Question

An automobile insurance company divides customers into three categories, good risks, medium risks, and poor risks. Assume taht 70% of the customers are good risks, 20% are medium risks, and 10% are poor risks. Assume that during the course of a year, a good risk customer has probability 0.005 of filing an accident claim, a medium risk customer has a probability of 0.01, and a poor risk customer has probability 0.025. a customer is chosen at random.
a) What is the probability that the customer is a good risk and has filed a claim?
b) What is the probability that the customer has filed a claim?
c) Given that the customer has filed a claim, what is the probability that the customer is a good risk?

Answer 1

Answer:

a) the probability is P(G∩C) =0.0035 (0.35%)

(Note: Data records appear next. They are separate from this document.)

lemma monotone_in_iff:
  "monotone_in M Y A D \<longleftrightarrow>
     mean_given_A True (pC_given_D False) \<le> mean_given_A True (pC_given_D True)
       \<and> mean_given_A False (pC_given_D False) \<le> mean_given_A False (pC_given_D True)
   \<or> mean_given_A True (pC_given_D True) \<le> mean_given_A True (pC_given_D False)
       \<and> mean_given_A False (pC_given_D True) \<le> mean_given_A False (pC_given_D False)"
  using cexp_A_D[of True True] cexp_A_D[of True False] cexp_A_D[of False True] cexp_A_D[of False False]
  by (simp add: monotone_in_def nondecr_in_def nonincr_in_def)

end

theorem corollary2:
  fixes M :: "'a measure" and A C D :: "'a \<Rightarrow> bool" and Y :: "'a \<Rightarrow> real"
  assumes "prob_space M"
    and "A \<in> measurable M (count_space UNIV)"
    and "C \<in> measurable M (count_space UNIV)"
    and "D \<in> measurable M (count_space UNIV)"
    and "Y \<in> borel_measurable M"
    and "integrable M Y"
    and factor: "\<And>x y z B. B \<in> sets borel \<Longrightarrow>
        pr M (\<lambda>w. A w = x \<and> C w = y \<and> D w = z \<and> Y w \<in> B)
        = pr M (\<lambda>w. D w = z)
          * (pr M (\<lambda>w. C w = y \<and> D w = z) / pr M (\<lambda>w. D w = z))
          * (pr M (\<lambda>w. A w = x \<and> C w = y) / pr M (\<lambda>w. C w = y))
          * (pr M (\<lambda>w. Y w \<in> B \<and> A w = x \<and> C w = y) / pr M (\<lambda>w. A w = x \<and> C w = y))"
    and dep: "\<not> prob_space.indep_var M (count_space UNIV) C (count_space UNIV) D"
    and pos: "\<And>x y z. pr M (\<lambda>w. A w = x \<and> C w = y \<and> D w = z) > 0"
    and mono: "monotone_in M Y A D"
  shows "min (RD_adj M Y A C) (RD_crude M Y A) \<le> RD_adj M Y A D
       \<and> RD_adj M Y A D \<le> max (RD_adj M Y A C) (RD_crude M Y A)"
proof -
  interpret proxy_confounder_model M A C D Y
    using assms(1-4,6) factor pos
    by (simp add: proxy_confounder_model_def proxy_confounder_model_axioms_def cond_prob_eq_pr)
  have "0 \<le> pr M D" "pr M D \<le> 1" "0 \<le> pC_given_D z" "pC_given_D z \<le> 1" for z
    by (auto simp: pr_def pC_given_D_def cond_prob_nonneg cond_prob_le_1)
  then show ?thesis
    unfolding RD_adj_D_eq RD_adj_C_eq RD_crude_eq pr_C
    using mono pA_given_C_pos pA_given_C_False
    by (intro risk_differences_between) (auto simp: monotone_in_iff)
qed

b) the probability is P(C) =0.008 (0.8%)

c) the probability is P(G/C) = 0.4375 (43.75%)

Step-by-step explanation:

defining the event G= the customer is a good risk  , C= the customer fills a claim then using the theorem of Bayes for conditional probability

a) P(G∩C) = P(G)*P(C/G)

where

P(G∩C) = probability that the customer is a good risk and has filed a claim

P(C/G) = probability to fill a claim given that the customer is a good risk

replacing values

P(G∩C) = P(G)*P(C/G) = 0.70 * 0.005 = 0.0035 (0.35%)

b) for P(C)

P(C) = probability that the customer is a good risk *  probability to fill a claim given that the customer is a good risk + probability that the customer is a medium risk *  probability to fill a claim given that the customer is a medium risk +probability that the customer is a low risk *  probability to fill a claim given that the customer is a low risk =  0.70 * 0.005 + 0.2* 0.01 + 0.1 * 0.025

= 0.008 (0.8%)

therefore

P(C) =0.008 (0.8%)

c) using the theorem of Bayes:

P(G/C) =  P(G∩C) / P(C)

P(C/G) = probability that the customer is a good risk given that the customer has filled a claim

replacing values

P(G/C) =  P(G∩C) / P(C) = 0.0035 /0.008 = 0.4375 (43.75%)